§ **Exercise details**
Out of the records below, copy all lines in which the word "finally" occurs.

(Recorded data)

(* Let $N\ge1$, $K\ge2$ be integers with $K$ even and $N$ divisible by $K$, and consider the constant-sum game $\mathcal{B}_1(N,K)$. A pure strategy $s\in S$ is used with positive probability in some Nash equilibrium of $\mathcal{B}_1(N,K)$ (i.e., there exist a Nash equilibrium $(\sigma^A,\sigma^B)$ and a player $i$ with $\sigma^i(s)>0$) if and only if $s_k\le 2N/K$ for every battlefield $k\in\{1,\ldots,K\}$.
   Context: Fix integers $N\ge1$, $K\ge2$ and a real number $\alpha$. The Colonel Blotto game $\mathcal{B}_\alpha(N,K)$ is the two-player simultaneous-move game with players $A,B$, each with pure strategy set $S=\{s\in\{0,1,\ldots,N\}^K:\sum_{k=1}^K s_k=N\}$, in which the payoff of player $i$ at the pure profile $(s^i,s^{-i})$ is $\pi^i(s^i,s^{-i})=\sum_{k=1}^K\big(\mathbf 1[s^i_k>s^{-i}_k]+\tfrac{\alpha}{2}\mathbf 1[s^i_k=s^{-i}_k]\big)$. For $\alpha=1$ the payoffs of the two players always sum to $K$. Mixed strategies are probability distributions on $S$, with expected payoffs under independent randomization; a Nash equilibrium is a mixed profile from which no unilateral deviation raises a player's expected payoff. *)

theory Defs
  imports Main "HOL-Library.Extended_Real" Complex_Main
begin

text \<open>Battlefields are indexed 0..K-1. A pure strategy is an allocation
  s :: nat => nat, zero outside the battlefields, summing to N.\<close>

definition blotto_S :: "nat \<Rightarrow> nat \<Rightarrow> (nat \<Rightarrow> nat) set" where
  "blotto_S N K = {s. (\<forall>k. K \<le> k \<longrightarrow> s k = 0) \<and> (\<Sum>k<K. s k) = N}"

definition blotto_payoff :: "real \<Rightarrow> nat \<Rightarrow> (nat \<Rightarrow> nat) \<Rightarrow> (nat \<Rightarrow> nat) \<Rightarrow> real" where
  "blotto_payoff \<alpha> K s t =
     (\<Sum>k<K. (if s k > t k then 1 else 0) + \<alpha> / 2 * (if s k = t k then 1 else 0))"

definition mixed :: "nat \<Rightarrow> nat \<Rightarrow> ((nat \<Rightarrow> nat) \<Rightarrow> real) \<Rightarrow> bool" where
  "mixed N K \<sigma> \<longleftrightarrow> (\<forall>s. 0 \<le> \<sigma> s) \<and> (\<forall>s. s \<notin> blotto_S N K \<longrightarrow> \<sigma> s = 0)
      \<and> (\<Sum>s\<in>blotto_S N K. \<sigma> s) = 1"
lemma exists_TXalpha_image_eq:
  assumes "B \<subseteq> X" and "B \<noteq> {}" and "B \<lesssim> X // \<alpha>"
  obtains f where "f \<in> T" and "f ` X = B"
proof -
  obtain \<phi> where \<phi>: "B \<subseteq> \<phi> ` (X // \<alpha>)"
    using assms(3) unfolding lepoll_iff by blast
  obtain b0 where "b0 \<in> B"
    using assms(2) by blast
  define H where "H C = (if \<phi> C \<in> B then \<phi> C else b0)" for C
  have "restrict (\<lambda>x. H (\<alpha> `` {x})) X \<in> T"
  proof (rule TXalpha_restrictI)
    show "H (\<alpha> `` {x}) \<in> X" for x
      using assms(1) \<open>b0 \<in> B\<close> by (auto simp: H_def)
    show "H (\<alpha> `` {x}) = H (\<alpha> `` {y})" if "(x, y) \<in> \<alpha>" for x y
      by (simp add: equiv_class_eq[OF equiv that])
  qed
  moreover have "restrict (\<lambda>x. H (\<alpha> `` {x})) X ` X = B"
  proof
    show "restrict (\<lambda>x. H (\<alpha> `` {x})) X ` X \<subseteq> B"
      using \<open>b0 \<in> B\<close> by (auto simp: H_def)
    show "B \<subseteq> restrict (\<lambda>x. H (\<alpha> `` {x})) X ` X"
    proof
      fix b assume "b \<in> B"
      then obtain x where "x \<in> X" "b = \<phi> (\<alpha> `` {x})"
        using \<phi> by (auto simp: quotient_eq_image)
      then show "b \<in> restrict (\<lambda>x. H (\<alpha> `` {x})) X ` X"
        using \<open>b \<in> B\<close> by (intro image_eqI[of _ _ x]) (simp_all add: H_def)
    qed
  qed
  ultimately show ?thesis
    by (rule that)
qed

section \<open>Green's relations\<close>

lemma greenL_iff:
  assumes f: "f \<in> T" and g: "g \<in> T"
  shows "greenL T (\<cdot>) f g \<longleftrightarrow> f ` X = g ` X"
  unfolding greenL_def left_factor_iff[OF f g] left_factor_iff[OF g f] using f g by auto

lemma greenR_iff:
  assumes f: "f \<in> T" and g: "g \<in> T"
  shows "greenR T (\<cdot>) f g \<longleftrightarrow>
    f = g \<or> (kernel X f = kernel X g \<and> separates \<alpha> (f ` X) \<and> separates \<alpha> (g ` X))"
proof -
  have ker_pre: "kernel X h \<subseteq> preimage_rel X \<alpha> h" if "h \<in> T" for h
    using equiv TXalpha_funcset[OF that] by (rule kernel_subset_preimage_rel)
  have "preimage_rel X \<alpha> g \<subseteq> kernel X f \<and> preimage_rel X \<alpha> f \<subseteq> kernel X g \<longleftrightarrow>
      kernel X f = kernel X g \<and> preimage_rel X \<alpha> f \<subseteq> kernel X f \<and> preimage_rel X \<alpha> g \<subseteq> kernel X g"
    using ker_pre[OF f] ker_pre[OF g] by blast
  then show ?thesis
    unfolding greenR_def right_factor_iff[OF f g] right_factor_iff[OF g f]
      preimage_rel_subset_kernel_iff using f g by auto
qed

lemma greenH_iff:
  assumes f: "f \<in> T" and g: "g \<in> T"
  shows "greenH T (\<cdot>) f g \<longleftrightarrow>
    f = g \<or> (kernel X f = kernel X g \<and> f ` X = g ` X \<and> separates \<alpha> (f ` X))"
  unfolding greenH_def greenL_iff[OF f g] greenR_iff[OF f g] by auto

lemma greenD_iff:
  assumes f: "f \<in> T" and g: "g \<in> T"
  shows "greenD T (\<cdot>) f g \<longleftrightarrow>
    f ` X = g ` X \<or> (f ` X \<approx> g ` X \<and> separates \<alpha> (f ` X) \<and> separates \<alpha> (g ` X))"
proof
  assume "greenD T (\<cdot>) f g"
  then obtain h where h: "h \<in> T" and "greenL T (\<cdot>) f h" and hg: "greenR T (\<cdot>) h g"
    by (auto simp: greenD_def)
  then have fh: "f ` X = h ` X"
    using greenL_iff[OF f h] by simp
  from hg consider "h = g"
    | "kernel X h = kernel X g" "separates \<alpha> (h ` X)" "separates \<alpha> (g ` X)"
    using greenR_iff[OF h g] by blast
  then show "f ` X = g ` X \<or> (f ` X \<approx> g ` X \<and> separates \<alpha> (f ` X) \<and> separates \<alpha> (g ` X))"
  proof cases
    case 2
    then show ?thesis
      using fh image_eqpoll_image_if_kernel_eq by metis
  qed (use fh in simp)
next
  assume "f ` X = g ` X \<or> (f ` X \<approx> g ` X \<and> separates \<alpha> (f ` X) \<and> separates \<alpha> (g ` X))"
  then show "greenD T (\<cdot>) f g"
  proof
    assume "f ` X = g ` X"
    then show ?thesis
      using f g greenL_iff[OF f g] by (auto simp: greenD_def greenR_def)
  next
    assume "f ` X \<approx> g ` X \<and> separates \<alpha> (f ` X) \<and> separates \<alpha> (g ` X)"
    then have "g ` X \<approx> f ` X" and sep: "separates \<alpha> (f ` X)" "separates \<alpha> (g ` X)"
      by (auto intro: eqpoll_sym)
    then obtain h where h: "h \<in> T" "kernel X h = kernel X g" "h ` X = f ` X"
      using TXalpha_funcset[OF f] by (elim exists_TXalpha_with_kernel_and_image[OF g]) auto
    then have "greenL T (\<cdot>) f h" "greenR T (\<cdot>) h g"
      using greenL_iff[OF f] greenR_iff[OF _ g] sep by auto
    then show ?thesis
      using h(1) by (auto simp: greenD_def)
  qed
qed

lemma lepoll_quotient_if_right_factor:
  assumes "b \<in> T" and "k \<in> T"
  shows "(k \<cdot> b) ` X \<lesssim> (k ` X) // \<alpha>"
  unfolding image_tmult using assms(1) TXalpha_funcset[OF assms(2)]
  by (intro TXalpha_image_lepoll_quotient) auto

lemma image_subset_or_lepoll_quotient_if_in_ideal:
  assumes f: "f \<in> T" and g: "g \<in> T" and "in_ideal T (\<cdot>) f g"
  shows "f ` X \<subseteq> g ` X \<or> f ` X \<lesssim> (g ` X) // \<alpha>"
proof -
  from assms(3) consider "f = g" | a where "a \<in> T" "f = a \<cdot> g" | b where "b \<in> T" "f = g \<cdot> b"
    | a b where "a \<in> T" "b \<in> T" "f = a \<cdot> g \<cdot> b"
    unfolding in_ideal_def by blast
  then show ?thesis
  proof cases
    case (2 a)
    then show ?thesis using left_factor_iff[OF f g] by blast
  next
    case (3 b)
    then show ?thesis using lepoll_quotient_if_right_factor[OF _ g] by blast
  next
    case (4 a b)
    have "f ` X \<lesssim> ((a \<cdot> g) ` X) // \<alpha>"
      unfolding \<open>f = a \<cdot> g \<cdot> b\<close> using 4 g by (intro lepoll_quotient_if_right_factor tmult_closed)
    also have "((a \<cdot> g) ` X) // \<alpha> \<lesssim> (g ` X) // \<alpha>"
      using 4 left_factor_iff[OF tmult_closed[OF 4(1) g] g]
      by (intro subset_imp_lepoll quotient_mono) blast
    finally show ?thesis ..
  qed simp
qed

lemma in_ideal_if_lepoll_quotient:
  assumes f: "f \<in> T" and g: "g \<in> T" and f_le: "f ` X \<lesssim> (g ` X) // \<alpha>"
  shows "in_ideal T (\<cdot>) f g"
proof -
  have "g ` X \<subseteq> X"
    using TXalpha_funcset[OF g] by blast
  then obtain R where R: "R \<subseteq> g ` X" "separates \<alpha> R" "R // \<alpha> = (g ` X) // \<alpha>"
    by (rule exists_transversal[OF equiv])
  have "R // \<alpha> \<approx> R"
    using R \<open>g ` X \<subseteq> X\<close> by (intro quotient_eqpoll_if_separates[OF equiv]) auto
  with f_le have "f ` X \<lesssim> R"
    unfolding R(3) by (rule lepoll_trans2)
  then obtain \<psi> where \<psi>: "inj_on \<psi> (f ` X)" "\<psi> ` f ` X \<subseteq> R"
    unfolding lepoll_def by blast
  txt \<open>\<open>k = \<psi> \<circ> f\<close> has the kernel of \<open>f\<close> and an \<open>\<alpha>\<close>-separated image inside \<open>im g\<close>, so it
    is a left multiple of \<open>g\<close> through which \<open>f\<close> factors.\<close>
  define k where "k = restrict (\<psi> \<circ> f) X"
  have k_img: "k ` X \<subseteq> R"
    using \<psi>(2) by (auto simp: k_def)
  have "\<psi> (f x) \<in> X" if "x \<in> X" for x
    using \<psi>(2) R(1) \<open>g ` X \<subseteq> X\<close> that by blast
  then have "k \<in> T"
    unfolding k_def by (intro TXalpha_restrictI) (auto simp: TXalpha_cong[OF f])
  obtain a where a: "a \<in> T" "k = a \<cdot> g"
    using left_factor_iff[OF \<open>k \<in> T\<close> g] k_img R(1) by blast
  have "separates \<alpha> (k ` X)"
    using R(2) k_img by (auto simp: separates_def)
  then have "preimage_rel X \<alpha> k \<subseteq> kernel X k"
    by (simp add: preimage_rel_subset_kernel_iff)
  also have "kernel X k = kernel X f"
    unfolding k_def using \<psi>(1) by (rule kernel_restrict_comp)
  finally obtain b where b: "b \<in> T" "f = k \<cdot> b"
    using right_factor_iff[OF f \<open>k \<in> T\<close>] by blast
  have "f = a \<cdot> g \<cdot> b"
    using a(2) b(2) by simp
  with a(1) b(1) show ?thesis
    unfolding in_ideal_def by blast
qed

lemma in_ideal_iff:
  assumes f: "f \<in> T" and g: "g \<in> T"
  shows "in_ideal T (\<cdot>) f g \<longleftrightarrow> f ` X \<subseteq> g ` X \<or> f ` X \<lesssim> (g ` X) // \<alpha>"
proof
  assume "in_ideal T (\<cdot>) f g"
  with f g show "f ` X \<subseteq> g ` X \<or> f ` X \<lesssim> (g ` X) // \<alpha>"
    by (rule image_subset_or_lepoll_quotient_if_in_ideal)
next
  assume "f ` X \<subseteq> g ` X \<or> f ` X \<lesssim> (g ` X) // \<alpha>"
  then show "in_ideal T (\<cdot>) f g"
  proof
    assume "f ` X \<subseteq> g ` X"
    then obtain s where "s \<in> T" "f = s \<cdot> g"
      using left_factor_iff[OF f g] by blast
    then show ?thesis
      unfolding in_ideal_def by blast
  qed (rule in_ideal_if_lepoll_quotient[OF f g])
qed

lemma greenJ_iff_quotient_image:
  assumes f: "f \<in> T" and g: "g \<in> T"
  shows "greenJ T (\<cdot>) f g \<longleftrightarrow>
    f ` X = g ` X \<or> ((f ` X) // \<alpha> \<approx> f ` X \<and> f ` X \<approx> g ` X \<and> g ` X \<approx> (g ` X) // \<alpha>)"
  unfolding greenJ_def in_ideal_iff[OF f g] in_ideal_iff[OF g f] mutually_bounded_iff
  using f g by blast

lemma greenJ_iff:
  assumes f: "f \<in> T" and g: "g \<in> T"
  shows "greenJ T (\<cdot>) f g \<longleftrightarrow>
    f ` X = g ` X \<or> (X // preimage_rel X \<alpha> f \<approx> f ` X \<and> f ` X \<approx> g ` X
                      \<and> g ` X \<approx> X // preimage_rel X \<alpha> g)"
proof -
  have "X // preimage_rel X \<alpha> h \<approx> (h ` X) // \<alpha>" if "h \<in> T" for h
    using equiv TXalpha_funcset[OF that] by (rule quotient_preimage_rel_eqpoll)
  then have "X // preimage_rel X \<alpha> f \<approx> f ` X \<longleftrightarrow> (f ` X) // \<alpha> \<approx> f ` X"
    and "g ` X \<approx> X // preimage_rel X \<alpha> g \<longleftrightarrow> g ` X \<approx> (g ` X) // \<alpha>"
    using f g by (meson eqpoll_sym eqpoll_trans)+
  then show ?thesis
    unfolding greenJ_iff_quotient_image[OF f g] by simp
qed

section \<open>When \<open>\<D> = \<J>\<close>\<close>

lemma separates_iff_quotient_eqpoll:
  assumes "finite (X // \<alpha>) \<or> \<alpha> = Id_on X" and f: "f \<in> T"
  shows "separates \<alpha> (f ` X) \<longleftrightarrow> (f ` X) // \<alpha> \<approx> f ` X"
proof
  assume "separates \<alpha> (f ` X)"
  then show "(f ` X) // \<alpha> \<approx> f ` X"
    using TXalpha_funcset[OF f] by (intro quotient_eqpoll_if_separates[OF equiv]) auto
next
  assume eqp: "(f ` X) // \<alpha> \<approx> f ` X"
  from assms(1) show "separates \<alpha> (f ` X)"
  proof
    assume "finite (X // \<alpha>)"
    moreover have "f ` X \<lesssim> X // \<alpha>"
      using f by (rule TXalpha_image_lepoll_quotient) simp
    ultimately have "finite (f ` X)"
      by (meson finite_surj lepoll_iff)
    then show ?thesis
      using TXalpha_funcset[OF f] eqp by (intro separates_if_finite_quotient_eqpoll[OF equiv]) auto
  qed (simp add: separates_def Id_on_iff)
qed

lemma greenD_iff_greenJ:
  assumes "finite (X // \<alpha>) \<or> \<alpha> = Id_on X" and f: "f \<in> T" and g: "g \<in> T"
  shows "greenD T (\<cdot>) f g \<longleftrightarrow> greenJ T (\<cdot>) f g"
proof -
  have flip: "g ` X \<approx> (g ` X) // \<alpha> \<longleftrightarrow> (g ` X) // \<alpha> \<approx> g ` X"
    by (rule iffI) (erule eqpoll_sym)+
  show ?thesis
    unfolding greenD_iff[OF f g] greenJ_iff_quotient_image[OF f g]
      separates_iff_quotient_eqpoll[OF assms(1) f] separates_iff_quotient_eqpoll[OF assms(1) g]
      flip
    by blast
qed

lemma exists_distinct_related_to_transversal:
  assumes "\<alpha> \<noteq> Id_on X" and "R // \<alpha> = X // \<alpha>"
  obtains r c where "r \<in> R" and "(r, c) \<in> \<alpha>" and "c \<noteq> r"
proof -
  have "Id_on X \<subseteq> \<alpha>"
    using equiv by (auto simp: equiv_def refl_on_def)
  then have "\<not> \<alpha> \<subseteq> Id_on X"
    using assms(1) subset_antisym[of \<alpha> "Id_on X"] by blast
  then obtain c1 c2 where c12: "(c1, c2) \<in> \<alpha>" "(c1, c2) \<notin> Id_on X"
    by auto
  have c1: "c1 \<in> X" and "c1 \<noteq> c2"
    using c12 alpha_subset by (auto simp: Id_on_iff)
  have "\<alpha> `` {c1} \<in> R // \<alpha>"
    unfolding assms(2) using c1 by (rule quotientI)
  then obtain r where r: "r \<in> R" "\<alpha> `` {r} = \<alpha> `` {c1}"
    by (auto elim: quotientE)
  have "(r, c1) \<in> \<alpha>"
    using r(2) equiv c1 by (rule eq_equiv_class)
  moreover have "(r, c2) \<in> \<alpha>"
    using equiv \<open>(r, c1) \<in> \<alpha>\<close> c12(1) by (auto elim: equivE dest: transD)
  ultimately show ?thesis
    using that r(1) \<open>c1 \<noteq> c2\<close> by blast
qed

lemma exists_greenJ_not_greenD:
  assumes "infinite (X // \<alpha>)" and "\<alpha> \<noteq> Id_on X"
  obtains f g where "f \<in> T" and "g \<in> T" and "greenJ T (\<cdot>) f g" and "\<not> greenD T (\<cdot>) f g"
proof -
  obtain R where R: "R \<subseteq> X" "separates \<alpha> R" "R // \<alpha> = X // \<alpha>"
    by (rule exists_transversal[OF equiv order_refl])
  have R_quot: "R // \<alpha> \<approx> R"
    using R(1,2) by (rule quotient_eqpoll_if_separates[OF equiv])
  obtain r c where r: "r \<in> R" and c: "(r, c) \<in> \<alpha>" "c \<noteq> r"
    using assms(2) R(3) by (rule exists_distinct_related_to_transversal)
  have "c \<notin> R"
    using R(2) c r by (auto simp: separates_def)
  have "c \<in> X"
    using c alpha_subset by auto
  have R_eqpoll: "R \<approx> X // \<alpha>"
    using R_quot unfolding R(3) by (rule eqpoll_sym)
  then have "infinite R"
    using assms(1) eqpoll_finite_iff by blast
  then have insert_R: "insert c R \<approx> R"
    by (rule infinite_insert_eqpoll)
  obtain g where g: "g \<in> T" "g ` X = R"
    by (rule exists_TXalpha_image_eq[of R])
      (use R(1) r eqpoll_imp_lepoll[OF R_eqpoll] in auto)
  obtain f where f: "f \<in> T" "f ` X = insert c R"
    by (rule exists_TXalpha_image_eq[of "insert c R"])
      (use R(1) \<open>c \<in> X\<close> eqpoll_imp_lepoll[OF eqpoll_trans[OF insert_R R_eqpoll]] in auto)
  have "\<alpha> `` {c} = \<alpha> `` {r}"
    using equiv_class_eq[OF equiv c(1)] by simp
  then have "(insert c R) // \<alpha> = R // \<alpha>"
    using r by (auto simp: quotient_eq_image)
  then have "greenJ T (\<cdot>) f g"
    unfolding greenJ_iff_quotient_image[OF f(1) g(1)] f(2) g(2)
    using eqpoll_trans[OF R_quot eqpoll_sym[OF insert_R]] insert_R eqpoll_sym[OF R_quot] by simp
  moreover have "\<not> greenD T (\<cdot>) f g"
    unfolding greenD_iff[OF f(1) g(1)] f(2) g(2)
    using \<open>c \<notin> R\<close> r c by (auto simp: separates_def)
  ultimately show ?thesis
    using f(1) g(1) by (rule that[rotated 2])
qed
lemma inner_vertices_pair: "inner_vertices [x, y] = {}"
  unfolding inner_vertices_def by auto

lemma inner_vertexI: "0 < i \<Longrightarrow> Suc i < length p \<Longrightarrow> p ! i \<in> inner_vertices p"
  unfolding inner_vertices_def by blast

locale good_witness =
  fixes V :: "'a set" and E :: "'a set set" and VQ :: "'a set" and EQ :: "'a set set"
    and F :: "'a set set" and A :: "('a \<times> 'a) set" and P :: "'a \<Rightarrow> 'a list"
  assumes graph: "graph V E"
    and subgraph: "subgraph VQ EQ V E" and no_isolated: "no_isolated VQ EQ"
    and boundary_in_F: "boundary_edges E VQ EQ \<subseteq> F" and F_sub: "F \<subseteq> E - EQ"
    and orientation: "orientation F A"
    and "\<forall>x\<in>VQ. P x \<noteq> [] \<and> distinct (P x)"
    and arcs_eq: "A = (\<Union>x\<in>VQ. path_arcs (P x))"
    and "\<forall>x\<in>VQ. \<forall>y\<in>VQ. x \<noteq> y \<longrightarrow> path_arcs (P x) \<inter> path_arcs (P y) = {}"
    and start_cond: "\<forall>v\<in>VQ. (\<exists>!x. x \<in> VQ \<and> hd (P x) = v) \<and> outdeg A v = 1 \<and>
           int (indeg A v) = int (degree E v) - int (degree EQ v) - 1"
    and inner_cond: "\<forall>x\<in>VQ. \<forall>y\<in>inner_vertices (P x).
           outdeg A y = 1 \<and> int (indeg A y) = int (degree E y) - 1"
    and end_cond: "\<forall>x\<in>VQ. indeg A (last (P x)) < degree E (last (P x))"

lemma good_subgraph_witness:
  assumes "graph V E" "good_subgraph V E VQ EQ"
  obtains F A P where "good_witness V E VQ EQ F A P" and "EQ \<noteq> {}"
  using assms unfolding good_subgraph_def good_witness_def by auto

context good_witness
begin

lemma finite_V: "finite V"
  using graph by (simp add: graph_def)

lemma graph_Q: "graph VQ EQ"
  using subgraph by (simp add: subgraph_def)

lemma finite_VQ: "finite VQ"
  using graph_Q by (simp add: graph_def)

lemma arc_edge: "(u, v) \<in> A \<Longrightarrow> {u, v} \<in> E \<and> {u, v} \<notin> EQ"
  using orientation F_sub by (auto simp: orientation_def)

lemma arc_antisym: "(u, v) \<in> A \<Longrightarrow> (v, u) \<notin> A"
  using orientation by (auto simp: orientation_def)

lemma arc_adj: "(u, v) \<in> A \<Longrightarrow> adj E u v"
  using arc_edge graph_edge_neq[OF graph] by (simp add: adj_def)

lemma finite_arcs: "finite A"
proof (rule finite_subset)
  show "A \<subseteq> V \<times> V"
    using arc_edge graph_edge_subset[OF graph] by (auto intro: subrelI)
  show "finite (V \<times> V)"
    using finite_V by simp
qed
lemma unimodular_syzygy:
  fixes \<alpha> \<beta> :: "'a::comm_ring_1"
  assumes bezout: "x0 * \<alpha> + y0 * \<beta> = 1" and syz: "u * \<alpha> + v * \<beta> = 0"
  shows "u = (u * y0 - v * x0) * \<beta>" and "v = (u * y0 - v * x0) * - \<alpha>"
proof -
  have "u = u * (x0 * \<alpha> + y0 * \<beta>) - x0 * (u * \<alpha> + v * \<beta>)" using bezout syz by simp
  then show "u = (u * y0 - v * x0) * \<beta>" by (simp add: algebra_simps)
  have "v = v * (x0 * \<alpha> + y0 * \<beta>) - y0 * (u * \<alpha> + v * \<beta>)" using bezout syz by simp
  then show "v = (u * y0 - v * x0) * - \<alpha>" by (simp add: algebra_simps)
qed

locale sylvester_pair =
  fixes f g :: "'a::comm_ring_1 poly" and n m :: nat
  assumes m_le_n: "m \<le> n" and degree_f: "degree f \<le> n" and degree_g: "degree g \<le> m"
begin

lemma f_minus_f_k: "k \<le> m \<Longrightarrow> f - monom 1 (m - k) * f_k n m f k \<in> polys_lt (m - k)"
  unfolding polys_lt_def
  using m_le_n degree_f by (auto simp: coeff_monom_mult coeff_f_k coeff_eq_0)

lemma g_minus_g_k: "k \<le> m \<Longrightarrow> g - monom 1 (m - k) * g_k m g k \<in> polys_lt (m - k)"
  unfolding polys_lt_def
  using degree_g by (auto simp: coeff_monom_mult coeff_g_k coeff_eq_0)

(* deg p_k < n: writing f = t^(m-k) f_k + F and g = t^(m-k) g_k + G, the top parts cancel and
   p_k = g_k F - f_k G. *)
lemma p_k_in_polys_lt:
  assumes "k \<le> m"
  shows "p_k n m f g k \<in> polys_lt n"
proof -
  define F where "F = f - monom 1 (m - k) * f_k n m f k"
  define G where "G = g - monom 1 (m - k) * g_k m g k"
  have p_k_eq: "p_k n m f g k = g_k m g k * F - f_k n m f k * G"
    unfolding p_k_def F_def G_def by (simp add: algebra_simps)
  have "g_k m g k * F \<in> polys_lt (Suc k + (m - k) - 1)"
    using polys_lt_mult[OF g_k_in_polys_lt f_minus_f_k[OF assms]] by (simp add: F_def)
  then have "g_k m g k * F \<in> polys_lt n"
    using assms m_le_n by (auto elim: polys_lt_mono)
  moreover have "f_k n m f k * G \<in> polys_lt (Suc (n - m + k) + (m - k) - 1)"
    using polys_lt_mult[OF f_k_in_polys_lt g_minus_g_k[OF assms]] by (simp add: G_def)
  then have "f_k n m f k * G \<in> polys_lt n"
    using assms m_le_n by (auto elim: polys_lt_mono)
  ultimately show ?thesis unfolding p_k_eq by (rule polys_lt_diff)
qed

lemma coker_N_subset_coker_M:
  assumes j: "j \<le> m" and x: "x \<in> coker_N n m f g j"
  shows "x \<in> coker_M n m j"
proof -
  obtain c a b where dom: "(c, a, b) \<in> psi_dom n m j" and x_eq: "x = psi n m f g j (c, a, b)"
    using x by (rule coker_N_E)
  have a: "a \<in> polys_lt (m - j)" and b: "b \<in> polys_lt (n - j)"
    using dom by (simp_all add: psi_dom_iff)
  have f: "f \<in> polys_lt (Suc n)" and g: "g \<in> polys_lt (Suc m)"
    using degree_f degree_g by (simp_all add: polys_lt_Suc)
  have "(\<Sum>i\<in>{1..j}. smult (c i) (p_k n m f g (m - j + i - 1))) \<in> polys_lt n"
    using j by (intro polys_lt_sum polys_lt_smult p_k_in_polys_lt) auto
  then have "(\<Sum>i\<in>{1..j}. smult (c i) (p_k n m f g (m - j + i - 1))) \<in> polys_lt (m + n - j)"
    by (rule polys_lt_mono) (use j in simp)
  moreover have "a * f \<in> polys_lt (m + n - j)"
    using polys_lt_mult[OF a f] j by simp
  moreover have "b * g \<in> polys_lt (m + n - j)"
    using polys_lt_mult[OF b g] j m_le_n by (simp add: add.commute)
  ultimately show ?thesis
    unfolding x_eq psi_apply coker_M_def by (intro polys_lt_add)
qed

§ **Exercise answer**
    finally show ?thesis ..
  finally obtain b where b: "b \<in> T" "f = k \<cdot> b"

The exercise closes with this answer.